= Power diagram =

Partition of the Euclidean plane

A power diagram of four circles

In computational geometry, a power diagram, also called a Laguerre–Voronoi diagram, Dirichlet cell complex, radical Voronoi tesselation or a sectional Dirichlet tesselation, is a partition of the Euclidean plane into polygonal cells defined from a set of circles. The cell for a given circle C consists of all the points for which the power distance to C is smaller than the power distance to the other circles. The power diagram is a form of generalized Voronoi diagram, and coincides with the Voronoi diagram of the circle centers in the case that all the circles have equal radii.

==Definition==

The power of a point P outside of a given circle

If C is a circle and P is a point outside C, then the power of P with respect to C is the square of the length of a line segment from P to a point T of tangency with C. Equivalently, if P has distance d from the center of the circle, and the circle has radius r, then (by the Pythagorean theorem) the power is d^{2} − r^{2}. The same formula d^{2} − r^{2} may be extended to all points in the plane, regardless of whether they are inside or outside of C: points on C have zero power, and points inside C have negative power.

The power diagram of a set of n circles C_{i} is a partition of the plane into n regions R_{i} (called cells), such that a point P belongs to R_{i} whenever circle C_{i} is the circle minimizing the power of P.

The radical axis of two intersecting circles. The power diagram of the two circles is the partition of the plane into two halfplanes formed by this line.

In the case n = 2, the power diagram consists of two halfplanes, separated by a line called the radical axis or chordale of the two circles. Along the radical axis, both circles have equal power. More generally, in any power diagram, each cell R_{i} is a convex polygon, the intersection of the halfspaces bounded by the radical axes of circle C_{i} with each other circle. Triples of cells meet at vertices of the diagram, which are the radical centers of the three circles whose cells meet at the vertex.

==Related constructions==
The power diagram may be seen as a weighted form of the Voronoi diagram of a set of point sites, a partition of the plane into cells within which one of the sites is closer than all the other sites. Other forms of weighted Voronoi diagram include the additively weighted Voronoi diagram, in which each site has a weight that is added to its distance before comparing it to the distances to the other sites, and the multiplicatively weighted Voronoi diagram, in which the weight of a site is multiplied by its distance before comparing it to the distances to the other sites. In contrast, in the power diagram, we may view each circle center as a site, and each circle's squared radius as a weight that is subtracted from the squared Euclidean distance before comparing it to other squared distances. In the case that all the circle radii are equal, this subtraction makes no difference to the comparison, and the power diagram coincides with the Voronoi diagram.

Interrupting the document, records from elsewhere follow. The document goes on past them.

text \<open>Since the empty family covers the new bottom 0, every sheaf has exactly one section
 over 0.  Over a point a of L, a stalkwise monomorphism identifies the germs at 0 of two
 sections with the same image; they therefore agree on some q with 0 < q \<le> a, and
 injectivity of the restriction to q makes them equal.  For a stalkwise epimorphism, the
 germ at any x < a of a section y over a lifts, so y has local preimages on a family of
 opens whose supremum is a.  This is already enough for epimorphisms; when f is also
 injective on sections the local preimages are compatible and glue to a global preimage, so
 f is bijective on sections and its inverse is a morphism.\<close>

lemma is_sheaf_imp_presheaf: "is_sheaf F r \<Longrightarrow> is_presheaf F r"
  unfolding is_sheaf_def by blast

lemma presheaf_restrict_in:
  "is_presheaf F r \<Longrightarrow> a \<le> b \<Longrightarrow> x \<in> F b \<Longrightarrow> r b a x \<in> F a"
  unfolding is_presheaf_def by blast

lemma presheaf_restrict_restrict:
  "is_presheaf F r \<Longrightarrow> a \<le> b \<Longrightarrow> b \<le> c \<Longrightarrow> x \<in> F c \<Longrightarrow> r b a (r c b x) = r c a x"
  unfolding is_presheaf_def by blast

lemma presheaf_agree_below:
  assumes "is_presheaf F r" "m \<le> q" "q \<le> s" "q \<le> t" "u \<in> F s" "v \<in> F t"
    and "r s q u = r t q v"
  shows "r s m u = r t m v"
  using assms presheaf_restrict_restrict[of F r m q] by metis

lemma sheaf_mor_in: "sheaf_mor E rE F rF f \<Longrightarrow> x \<in> E a \<Longrightarrow> f a x \<in> F a"
  unfolding sheaf_mor_def by blast

lemma sheaf_mor_restrict:
  "sheaf_mor E rE F rF f \<Longrightarrow> a \<le> b \<Longrightarrow> x \<in> E b \<Longrightarrow> rF b a (f b x) = f a (rE b a x)"
  unfolding sheaf_mor_def by blast

lemma sheaf_glue:
  assumes "is_sheaf F r" "\<forall>b\<in>S. b \<le> a" "Sup S = a" "\<forall>b\<in>S. s b \<in> F b"
    and "\<forall>b\<in>S. \<forall>c\<in>S. r b (inf b c) (s b) = r c (inf b c) (s c)"
  shows "\<exists>!x. x \<in> F a \<and> (\<forall>b\<in>S. r a b x = s b)"
  using assms(2-5) by (intro assms(1)[unfolded is_sheaf_def, THEN conjunct2, rule_format]) auto

lemma sheaf_None_ex1: "is_sheaf F r \<Longrightarrow> \<exists>!x. x \<in> F None"
  using sheaf_glue[of F r "{}" None] by (simp add: bot_option_def)

lemma sheaf_local:
  assumes F: "is_sheaf F r" and S: "\<forall>b\<in>S. b \<le> a" "Sup S = a"
    and "x \<in> F a" "y \<in> F a" "\<forall>b\<in>S. r a b x = r a b y"
  shows "x = y"
proof -
  have P: "is_presheaf F r" using F by (rule is_sheaf_imp_presheaf)
  have "\<exists>!z. z \<in> F a \<and> (\<forall>b\<in>S. r a b z = r a b x)"
  proof (rule sheaf_glue[OF F S])
    show "\<forall>b\<in>S. r a b x \<in> F b" using S \<open>x \<in> F a\<close> presheaf_restrict_in[OF P] by blast
    show "\<forall>b\<in>S. \<forall>c\<in>S. r b (inf b c) (r a b x) = r c (inf b c) (r a c x)"
      using S \<open>x \<in> F a\<close> presheaf_restrict_restrict[OF P] by simp
  qed
  then show ?thesis using assms by auto
qed

lemma germ_rel_equiv:
  fixes F :: "'a::complete_linorder option \<Rightarrow> 'b set"
  assumes P: "is_presheaf F r"
  shows "equiv (SIGMA s:{s. x < s}. F s) (germ_rel F r x)"
proof (rule equivI)
  show "germ_rel F r x \<subseteq> (SIGMA s:{s. x < s}. F s) \<times> (SIGMA s:{s. x < s}. F s)"
    unfolding germ_rel_def by auto
  show "refl_on (SIGMA s:{s. x < s}. F s) (germ_rel F r x)"
    unfolding refl_on_def germ_rel_def by auto
  show "sym (germ_rel F r x)"
    by (rule symI) (auto simp: germ_rel_def)
  show "trans (germ_rel F r x)"
  proof (rule transI, clarify)
    fix s u t v w z
    assume "((s, u), (t, v)) \<in> germ_rel F r x" "((t, v), (w, z)) \<in> germ_rel F r x"
    then obtain q1 q2 where q1: "x < q1" "q1 \<le> s" "q1 \<le> t" "r s q1 u = r t q1 v"
      and q2: "x < q2" "q2 \<le> t" "q2 \<le> w" "r t q2 v = r w q2 z"
      and mem: "x < s" "u \<in> F s" "v \<in> F t" "x < w" "z \<in> F w"
      unfolding germ_rel_def by auto
    let ?m = "min q1 q2"
    have "r s ?m u = r t ?m v"
      using presheaf_agree_below[OF P _ q1(2,3) mem(2,3) q1(4)] by simp
    also have "\<dots> = r w ?m z"
      using presheaf_agree_below[OF P _ q2(2,3) mem(3,5) q2(4)] by simp
    moreover have "x < ?m" "?m \<le> s" "?m \<le> w"
      using q1(1,2) q2(1,3) by (simp_all add: min.coboundedI1 min.coboundedI2)
    ultimately show "((s, u), (w, z)) \<in> germ_rel F r x"
      using mem unfolding germ_rel_def by (simp only: mem_Collect_eq case_prod_conv) blast
  qed
qed

lemma germ_in_stalk: "x < s \<Longrightarrow> u \<in> F s \<Longrightarrow> germ_rel F r x `` {(s, u)} \<in> stalk F r x"
  unfolding stalk_def by (intro quotientI) simp

lemma stalk_elemE:
  assumes "Z \<in> stalk F r x"
  obtains s u where "x < s" "u \<in> F s" "Z = germ_rel F r x `` {(s, u)}"
  using assms unfolding stalk_def by (auto elim!: quotientE)

lemma germ_eq_iff:
  fixes F :: "'a::complete_linorder option \<Rightarrow> 'b set"
  assumes "is_presheaf F r" "x < s" "u \<in> F s" "x < t" "v \<in> F t"
  shows "germ_rel F r x `` {(s, u)} = germ_rel F r x `` {(t, v)} \<longleftrightarrow>
         ((s, u), (t, v)) \<in> germ_rel F r x"
  using equiv_class_eq_iff[OF germ_rel_equiv[OF assms(1)]] assms(2-) by auto

lemma stalk_map_germ:
  fixes E :: "'a::complete_linorder option \<Rightarrow> 'b set"
  assumes PE: "is_presheaf E rE" and PF: "is_presheaf F rF"
    and f: "sheaf_mor E rE F rF f" and s: "x < s" "u \<in> E s"
  shows "stalk_map F rF f x (germ_rel E rE x `` {(s, u)}) = germ_rel F rF x `` {(s, f s u)}"
proof -
  have "germ_rel F rF x `` {(t, f t v)} = germ_rel F rF x `` {(s, f s u)}"
    if "((s, u), (t, v)) \<in> germ_rel E rE x" for t v
  proof -
    from that obtain q where q: "x < q" "q \<le> s" "q \<le> t" "rE s q u = rE t q v"
      and t: "x < t" "v \<in> E t"
      unfolding germ_rel_def by auto
    have "rF t q (f t v) = rF s q (f s u)"
      using q t s sheaf_mor_restrict[OF f] by simp
    then have "((t, f t v), (s, f s u)) \<in> germ_rel F rF x"
      unfolding germ_rel_def using q t s sheaf_mor_in[OF f] by blast
    then show ?thesis by (rule equiv_class_eq[OF germ_rel_equiv[OF PF]])
  qed
  moreover have "((s, u), (s, u)) \<in> germ_rel E rE x"
    using equiv_class_self[OF germ_rel_equiv[OF PE]] s by auto
  ultimately show ?thesis unfolding stalk_map_def by blast
qed

lemma stalkwise_epi_local_preimages:
  fixes E :: "'a::complete_linorder option \<Rightarrow> 'b set"
  assumes PE: "is_presheaf E rE" and PF: "is_presheaf F rF"
    and f: "sheaf_mor E rE F rF f" and epi: "stalkwise_epi E rE F rF f"
    and y: "y \<in> F a"
  shows "Sup {q. q \<le> a \<and> rF a q y \<in> f q ` E q} = a" (is "Sup ?S = a")
proof (rule antisym)
  show "Sup ?S \<le> a" by (rule Sup_least) blast
  have cofinal: "\<exists>q\<in>?S. x < q" if x: "x < a" for x
  proof -
    have "x \<noteq> Some top" using x top.extremum[of a] by (auto simp: top_option_def)
    then obtain Z where Z_in: "Z \<in> stalk E rE x"
      and Z: "stalk_map F rF f x Z = germ_rel F rF x `` {(a, y)}"
      using epi germ_in_stalk[where F = F and r = rF, OF x y] unfolding stalkwise_epi_def by blast
    from Z_in obtain s u where s: "x < s" "u \<in> E s" and "Z = germ_rel E rE x `` {(s, u)}"
      by (rule stalk_elemE)
    with Z have "germ_rel F rF x `` {(s, f s u)} = germ_rel F rF x `` {(a, y)}"
      using stalk_map_germ[OF PE PF f] by simp
    then obtain q where q: "x < q" "q \<le> s" "q \<le> a" "rF s q (f s u) = rF a q y"
      using germ_eq_iff[OF PF s(1) sheaf_mor_in[OF f s(2)] x y]
      unfolding germ_rel_def by auto
    have "rF a q y = f q (rE s q u)"
      using q s sheaf_mor_restrict[OF f] by simp
    then have "q \<in> ?S"
      using q presheaf_restrict_in[OF PE q(2) s(2)] by blast
    with q show ?thesis by blast
  qed
  show "a \<le> Sup ?S"
  proof (rule ccontr)
    assume "\<not> a \<le> Sup ?S"
    then obtain q where "q \<in> ?S" "Sup ?S < q" using cofinal[of "Sup ?S"] not_le by blast
    then show False using Sup_upper[of q ?S] by simp
  qed
qed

A planar power diagram may also be interpreted as a planar cross-section of an unweighted three-dimensional Voronoi diagram. In this interpretation, the set of circle centers in the cross-section plane are the perpendicular projections of the three-dimensional Voronoi sites, and the squared radius of each circle is a constant K minus the squared distance of the corresponding site from the cross-section plane, where K is chosen large enough to make all these radii positive.

Like the Voronoi diagram, the power diagram may be generalized to Euclidean spaces of any dimension. The power diagram of n spheres in d dimensions is combinatorially equivalent to the intersection of a set of n upward-facing halfspaces in d + 1 dimensions, and vice versa.

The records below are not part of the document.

definition TB :: "real \<Rightarrow> real \<Rightarrow> real \<Rightarrow> complex" where
  "TB \<alpha> \<tau> \<xi> =
     complex_of_real (sin (pi * \<alpha>) / pi) *
     Beta (complex_of_real (\<tau> - 2 * \<alpha> + 1) + \<i> * complex_of_real \<xi>) (complex_of_real (2 * \<alpha>))"

end

theory Submission
  imports Defs
begin

text \<open>
  Put \<open>z = \<tau> - 2\<alpha> + 1 + i\<xi>\<close> and \<open>w = z + \<alpha>\<close>. The reflection formula turns \<open>T\<^sub>s\<close> into a quotient
  of Gamma values, and \<open>T\<^sub>s / T\<^sub>B = \<pi> / (sin (\<pi>\<alpha>) \<Gamma>(2\<alpha>)) \<cdot> Q(w)\<close> with
  \<open>Q(w) = \<Gamma>(w + \<alpha>) \<Gamma>(1 + \<alpha> - w) / (\<Gamma>(w) \<Gamma>(1 - w))\<close>. Euler's product for \<open>\<Gamma>\<close> gives
  \<open>Q(w) = lim n^(2\<alpha>) \<Prod>(k \<le> n) (s + k(k+1)) / (s + (k+\<alpha>)(k+\<alpha>+1))\<close> with \<open>s = w(1 - w)\<close>, and the
  zeros \<open>-k(k+1)\<close> and poles \<open>-(k+\<alpha>)(k+\<alpha>+1)\<close> of the factors interlace.

  For \<open>\<xi> > 0\<close> we have \<open>Im s < 0\<close>; each factor then has argument in \<open>(-\<pi>, 0)\<close>, and by the
  interlacing the arguments of the partial products stay in a fixed compact subinterval of
  \<open>(-\<pi>, 0)\<close>. Hence \<open>Im Q(w) < 0\<close>, so \<open>T\<^sub>s / T\<^sub>B\<close> is never a positive real: the arguments differ
  and, by conjugation, there is no solution with \<open>\<xi> \<noteq> 0\<close>. For real \<open>w\<close> between consecutive
  poles every factor decreases in \<open>w\<close>, so \<open>Q\<close> is strictly decreasing there; together with the sign
  of \<open>T\<^sub>s\<close> and the intermediate value theorem this yields exactly one real solution
  \<open>\<tau> \<in> (1, 2)\<close>. Part (b) compares \<open>|T\<^sub>s| > 1/2\<close> with \<open>|T\<^sub>B| \<le> T\<^sub>B(\<xi> = 0) \<le> 1/2\<close>, the
  first bound from \<open>|sin|\<^sup>2 = (cosh (2 Im) - cos (2 Re)) / 2\<close>, the second from
  \<open>|\<Gamma>(z) / \<Gamma>(z + 2\<alpha>)| \<le> \<Gamma>(Re z) / \<Gamma>(Re z + 2\<alpha>)\<close>.
\<close>

section \<open>Gamma function\<close>

lemma rGamma_reflection_real: "rGamma x * rGamma (1 - x) = sin (pi * x) / (pi :: real)"
proof -
  have "complex_of_real (rGamma x * rGamma (1 - x)) = of_real (sin (pi * x) / pi)"
    using rGamma_reflection_complex[of "of_real x"]
    by (simp add: rGamma_complex_of_real[symmetric] sin_of_real[symmetric])
  then show ?thesis by (simp only: of_real_eq_iff)
qed
lemma sieve_weight_eq_prod:
  assumes Q: "Q = m 0 * m 1 * m 2 * m 3 * m 4" "Q \<noteq> 0"
  shows "sieve_weight m n = (m 0 - n) * (m 1 - n) * (m 2 - n) * (m 3 - n) * (m 4 - n) / Q"
proof -
  define x where "x = real n"
  have binomial_poly:
    "real (n choose 1) = x"
    "real (n choose 2) = x * (x - 1) / 2"
    "real (n choose 3) = x * (x - 1) * (x - 2) / 6"
    "real (n choose 4) = x * (x - 1) * (x - 2) * (x - 3) / 24"
    "real (n choose 5) = x * (x - 1) * (x - 2) * (x - 3) * (x - 4) / 120"
    unfolding x_def
    by (simp_all add: binomial_gbinomial gbinomial_prod_rev eval_nat_numeral fact_numeral algebra_simps)
  have "Q * sieve_weight m n = Q - (N5 m 4 - N5 m 3 + N5 m 2 - N5 m 1 + 1) * x
      + (N5 m 3 - 3 * N5 m 2 + 7 * N5 m 1 - 15) * (x * (x - 1))
      - (N5 m 2 - 6 * N5 m 1 + 25) * (x * (x - 1) * (x - 2))
      + (N5 m 1 - 10) * (x * (x - 1) * (x - 2) * (x - 3))
      - x * (x - 1) * (x - 2) * (x - 3) * (x - 4)"
    unfolding sieve_weight_def Let_def Q(1)[symmetric] binomial_poly
    using Q(2) by (simp add: field_simps)
  also have "\<dots> = (m 0 - x) * (m 1 - x) * (m 2 - x) * (m 3 - x) * (m 4 - x)"
    unfolding prod_diff_eq_N5 N5_5 Q(1) by algebra
  finally show ?thesis
    using Q(2) unfolding x_def by (simp add: field_simps)
qed

lemma sum_mult_sieve_weight:
  fixes f :: "'a \<Rightarrow> real" and m :: "nat \<Rightarrow> real"
  defines "Q \<equiv> m 0 * m 1 * m 2 * m 3 * m 4"
  shows "(\<Sum>a\<in>A. f a * sieve_weight m (n a)) = (\<Sum>a\<in>A. f a)
    - (N5 m 4 - N5 m 3 + N5 m 2 - N5 m 1 + 1) / Q * (\<Sum>a\<in>A. f a * real (n a choose 1))
    + 2 * (N5 m 3 - 3 * N5 m 2 + 7 * N5 m 1 - 15) / Q * (\<Sum>a\<in>A. f a * real (n a choose 2))
    - 6 * (N5 m 2 - 6 * N5 m 1 + 25) / Q * (\<Sum>a\<in>A. f a * real (n a choose 3))
    + 24 * (N5 m 1 - 10) / Q * (\<Sum>a\<in>A. f a * real (n a choose 4))
    - 120 / Q * (\<Sum>a\<in>A. f a * real (n a choose 5))"
proof -
  have "(\<Sum>a\<in>A. f a * (1 - c1 * b1 a + c2 * b2 a - c3 * b3 a + c4 * b4 a - c5 * b5 a))
      = (\<Sum>a\<in>A. f a) - c1 * (\<Sum>a\<in>A. f a * b1 a) + c2 * (\<Sum>a\<in>A. f a * b2 a)
        - c3 * (\<Sum>a\<in>A. f a * b3 a) + c4 * (\<Sum>a\<in>A. f a * b4 a) - c5 * (\<Sum>a\<in>A. f a * b5 a)"
    for c1 c2 c3 c4 c5 :: real and b1 b2 b3 b4 b5 :: "'a \<Rightarrow> real"
    by (simp add: sum.distrib sum_subtractf sum_distrib_left ring_distribs mult_ac)
  then show ?thesis
    unfolding sieve_weight_def Let_def Q_def .
qed

lemma T_set_pos: "x \<in> T_set \<Longrightarrow> 0 < x"
  unfolding T_set_def by fastforce

lemma T_set_in_odd_interval:
  assumes "x \<in> T_set"
  obtains j :: nat where "odd j" and "real j - 1 \<le> x" and "x \<le> real j"
proof -
  consider "0 < x" "x \<le> 1" | k :: nat where "odd k" "real k - 1 \<le> x" "x \<le> real k"
    using assms unfolding T_set_def by blast
  then show thesis
    by cases (use that[of 1] that in auto)
qed

lemma U_set_no_nat_between:
  assumes "(x, y) \<in> U_set" and "x < real n" and "real n < y"
  shows False
proof -
  have "x \<in> T_set" "y \<in> T_set" "y - x \<le> 1"
    using assms(1) unfolding U_set_def by auto
  then obtain j k :: nat where j: "odd j" "real j - 1 \<le> x" "x \<le> real j"
    and k: "odd k" "real k - 1 \<le> y" "y \<le> real k"
    by (metis T_set_in_odd_interval)
  have "j \<le> n" "n < k"
    using j k assms(2,3) by linarith+
  then have "j + 2 \<le> k"
    using j(1) k(1) by presburger
  then have "x = real j" and "y \<le> real (j + 1)"
    using j k \<open>y - x \<le> 1\<close> by linarith+
  then have "j < n" and "n < j + 1"
    using assms(2,3) by linarith+
  then show False
    by linarith
qed

lemma U_set_prod_nonneg:
  assumes "(x, y) \<in> U_set"
  shows "0 \<le> (x - real n) * (y - real n)"
proof -
  have "(y, x) \<in> U_set"
    using assms unfolding U_set_def by auto
  then have "\<not> (x < real n \<and> real n < y)" and "\<not> (y < real n \<and> real n < x)"
    using assms U_set_no_nat_between by blast+
  then show ?thesis
    unfolding zero_le_mult_iff by arith
qed

lemma sieve_weight_le:
  assumes "0 < m 0" "m 0 \<le> 1" "(m 1, m 2) \<in> U_set" "(m 3, m 4) \<in> U_set"
  shows "sieve_weight m n \<le> of_bool (n = 0)"
proof (cases "n = 0")
  case True
  then show ?thesis
    by (simp add: sieve_weight_def eval_nat_numeral)
next
  case False
  define Q where "Q = m 0 * m 1 * m 2 * m 3 * m 4"
  have "0 < m 1" "0 < m 2" "0 < m 3" "0 < m 4"
    using assms(3,4) T_set_pos unfolding U_set_def by auto
  then have "0 < Q"
    using assms(1) unfolding Q_def by simp
  have "0 \<le> (m 1 - n) * (m 2 - n) * ((m 3 - n) * (m 4 - n))"
    using U_set_prod_nonneg[OF assms(3)] U_set_prod_nonneg[OF assms(4)] by simp
  moreover have "m 0 - n \<le> 0"
    using False assms(2) by linarith
  ultimately have "(m 0 - n) * ((m 1 - n) * (m 2 - n) * ((m 3 - n) * (m 4 - n))) / Q \<le> 0"
    using \<open>0 < Q\<close> by (simp add: mult_nonpos_nonneg divide_nonpos_pos)
  then show ?thesis
    using False sieve_weight_eq_prod[OF Q_def] \<open>0 < Q\<close> by (simp add: mult.assoc)
qed

lemma finite_primes_in: "finite (primes_in w z)"
  unfolding primes_in_def
  by (rule finite_subset[of _ "{..<nat \<lceil>z\<rceil>}"]) (auto simp: zless_nat_eq_int_zless less_ceiling_iff)

lemma rough_iff_no_prime_in:
  assumes "w \<le> z"
  shows "rough z a \<longleftrightarrow> rough w a \<and> card {p \<in> primes_in w z. p dvd a} = 0"
proof -
  have "rough z a \<longleftrightarrow> rough w a \<and> {p \<in> primes_in w z. p dvd a} = {}"
    using assms unfolding rough_def primes_in_def by (auto simp: not_less)
  then show ?thesis
    using finite_primes_in[of w z] by simp
qed

theorem theorem6:
  fixes A :: "nat set" and w z :: real and m :: "nat \<Rightarrow> real"
  assumes "finite A" and "\<forall>a\<in>A. 0 < a"
    and "w \<le> z"
    and "0 < m 0" and "m 0 \<le> 1"
    and "(m 1, m 2) \<in> U_set" and "(m 3, m 4) \<in> U_set"
  defines "Q \<equiv> m 0 * m 1 * m 2 * m 3 * m 4"
    and "P \<equiv> primes_in w z"
  shows "real (sift A z) \<ge> real (sift A w)
    - (N5 m 4 - N5 m 3 + N5 m 2 - N5 m 1 + 1) / Q *
        (\<Sum>p1\<in>P. real (sift (restr A p1) w))
    + 2 * (N5 m 3 - 3 * N5 m 2 + 7 * N5 m 1 - 15) / Q *
        (\<Sum>p1\<in>P. \<Sum>p2\<in>{p\<in>P. p < p1}. real (sift (restr A (p1 * p2)) w))
    - 6 * (N5 m 2 - 6 * N5 m 1 + 25) / Q *
        (\<Sum>p1\<in>P. \<Sum>p2\<in>{p\<in>P. p < p1}. \<Sum>p3\<in>{p\<in>P. p < p2}.
           real (sift (restr A (p1 * p2 * p3)) w))
    + 24 * (N5 m 1 - 10) / Q *
        (\<Sum>p1\<in>P. \<Sum>p2\<in>{p\<in>P. p < p1}. \<Sum>p3\<in>{p\<in>P. p < p2}. \<Sum>p4\<in>{p\<in>P. p < p3}.
           real (sift (restr A (p1 * p2 * p3 * p4)) w))
    - 120 / Q *
        (\<Sum>p1\<in>P. \<Sum>p2\<in>{p\<in>P. p < p1}. \<Sum>p3\<in>{p\<in>P. p < p2}. \<Sum>p4\<in>{p\<in>P. p < p3}.
           \<Sum>p5\<in>{p\<in>P. p < p4}. real (sift (restr A (p1 * p2 * p3 * p4 * p5)) w))"
proof -
  define n where "n a = card {p \<in> P. p dvd a}" for a
  have "finite P"
    unfolding P_def by (rule finite_primes_in)
  moreover have "\<And>p. p \<in> P \<Longrightarrow> prime p \<and> w \<le> real p"
    unfolding P_def primes_in_def by auto
  moreover have "0 \<notin> A"
    using assms(2) by blast
  ultimately have chains: "chain_sum P k P 1 (\<lambda>d. real (sift (restr A d) w))
      = (\<Sum>a\<in>A. of_bool (rough w a) * real (n a choose k))" for k
    unfolding n_def by (rule chain_sum_sift_restr[OF _ _ assms(1)])
  have "of_bool (rough w a) * sieve_weight m (n a) \<le> of_bool (rough z a)" for a
    using sieve_weight_le[OF assms(4-7), of "n a"] rough_iff_no_prime_in[OF assms(3), of a]
    unfolding n_def P_def by (cases "rough w a") simp_all
  then have "(\<Sum>a\<in>A. of_bool (rough w a) * sieve_weight m (n a)) \<le> real (sift A z)"
    unfolding sift_eq_sum_rough[OF assms(1)] by (rule sum_mono)
  then show ?thesis
    using chains[of 1] chains[of 2] chains[of 3] chains[of 4] chains[of 5]
    unfolding sum_mult_sieve_weight sift_eq_sum_rough[OF assms(1), of w] Q_def
    by simp
qed

end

==Algorithms and applications==
Two-dimensional power diagrams may be constructed by an algorithm that runs in time O(n log n). More generally, because of the equivalence with higher-dimensional halfspace intersections, d-dimensional power diagrams (for d > 2) may be constructed by an algorithm that runs in time $O(n^{\lceil d/2\rceil})$.

The power diagram may be used as part of an efficient algorithm for computing the volume of a union of spheres. Intersecting each sphere with its power diagram cell gives its contribution to the total union, from which the volume may be computed in time proportional to the complexity of the power diagram.

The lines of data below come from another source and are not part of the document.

lemma glue_dist_le_right:
  assumes "y \<in> X2" "y' \<in> X2"
  shows "glue_dist x y' \<le> glue_dist x y + d2 y y'"
proof -
  have "(INF (a, b)\<in>R. d1 x a + d2 b y') - d2 y y' \<le> (INF (a, b)\<in>R. d1 x a + d2 b y)"
  proof (rule glue_inf_greatest)
    fix a b assume ab: "(a, b) \<in> R"
    then have "d2 b y' \<le> d2 b y + d2 y y'" using Metric_space.triangle[OF ms2] assms R by blast
    then show "(INF (a, b)\<in>R. d1 x a + d2 b y') - d2 y y' \<le> d1 x a + d2 b y"
      using glue_inf_lower[OF ab, of x y'] by simp
  qed
  then show ?thesis unfolding glue_dist_def by simp
qed

lemma glue_dist_le_left':
  assumes "x \<in> X1" "x' \<in> X1"
  shows "glue_dist x' y \<le> glue_dist x y + d1 x x'"
  using glue_dist_le_left[OF assms(2,1), of y] Metric_space.commute[OF ms1, of x' x] by linarith

lemma glue_dist_le_right':
  assumes "y \<in> X2" "y' \<in> X2"
  shows "glue_dist x y \<le> d2 y y' + glue_dist x y'"
  using glue_dist_le_right[OF assms(2,1), of x] Metric_space.commute[OF ms2, of y' y] by linarith

text \<open>The two triangle inequalities through the other space are where the distortion bound enters.\<close>
lemma dist1_le_glue_dist:
  assumes "x \<in> X1" "x' \<in> X1" "y \<in> X2"
  shows "d1 x x' \<le> glue_dist x y + glue_dist x' y"
proof -
  have "d1 x x' - 2 * r - (INF (a, b)\<in>R. d1 x' a + d2 b y) \<le> (INF (a, b)\<in>R. d1 x a + d2 b y)"
  proof (rule glue_inf_greatest)
    fix a b assume ab: "(a, b) \<in> R"
    have "d1 x x' - 2 * r - d1 x a - d2 b y \<le> (INF (a, b)\<in>R. d1 x' a + d2 b y)"
    proof (rule glue_inf_greatest)
      fix a' b' assume ab': "(a', b') \<in> R"
      have m: "a \<in> X1" "b \<in> X2" "a' \<in> X1" "b' \<in> X2" using R ab ab' by auto
      have "d1 x x' \<le> d1 x a + d1 a x'" "d1 a x' \<le> d1 a a' + d1 a' x'"
        using Metric_space.triangle[OF ms1] assms m by blast+
      moreover have "d1 a a' \<le> d2 b b' + 2 * r" using distortion[OF ab ab'] by simp
      moreover have "d2 b b' \<le> d2 b y + d2 y b'" using Metric_space.triangle[OF ms2] assms m by blast
      moreover have "d1 a' x' = d1 x' a'" "d2 y b' = d2 b' y"
        using Metric_space.commute[OF ms1] Metric_space.commute[OF ms2] by auto
      ultimately show "d1 x x' - 2 * r - d1 x a - d2 b y \<le> d1 x' a' + d2 b' y" by linarith
    qed
    then show "d1 x x' - 2 * r - (INF (a, b)\<in>R. d1 x' a + d2 b y) \<le> d1 x a + d2 b y" by linarith
  qed
  then show ?thesis unfolding glue_dist_def by simp
qed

Other applications of power diagrams include data structures for testing whether a point belongs to a union of disks, algorithms for constructing the boundary of a union of disks, and algorithms for finding the closest two balls in a set of balls. It is also used for solving the semi-discrete optimal transportation problem which in turn has numerous applications, such as early universe reconstruction or fluid dynamics.

==History==
Aurenhammer (1987) traces the definition of the power distance to the work of 19th-century mathematicians Edmond Laguerre and Georgy Voronoy. Fejes Tóth (1977) defined power diagrams and used them to show that the boundary of a union of n circular disks can always be illuminated from at most 2n point light sources. Power diagrams have appeared in the literature under other names including the "Laguerre–Voronoi diagram", "Dirichlet cell complex", "radical Voronoi tesselation" and "sectional Dirichlet tesselation".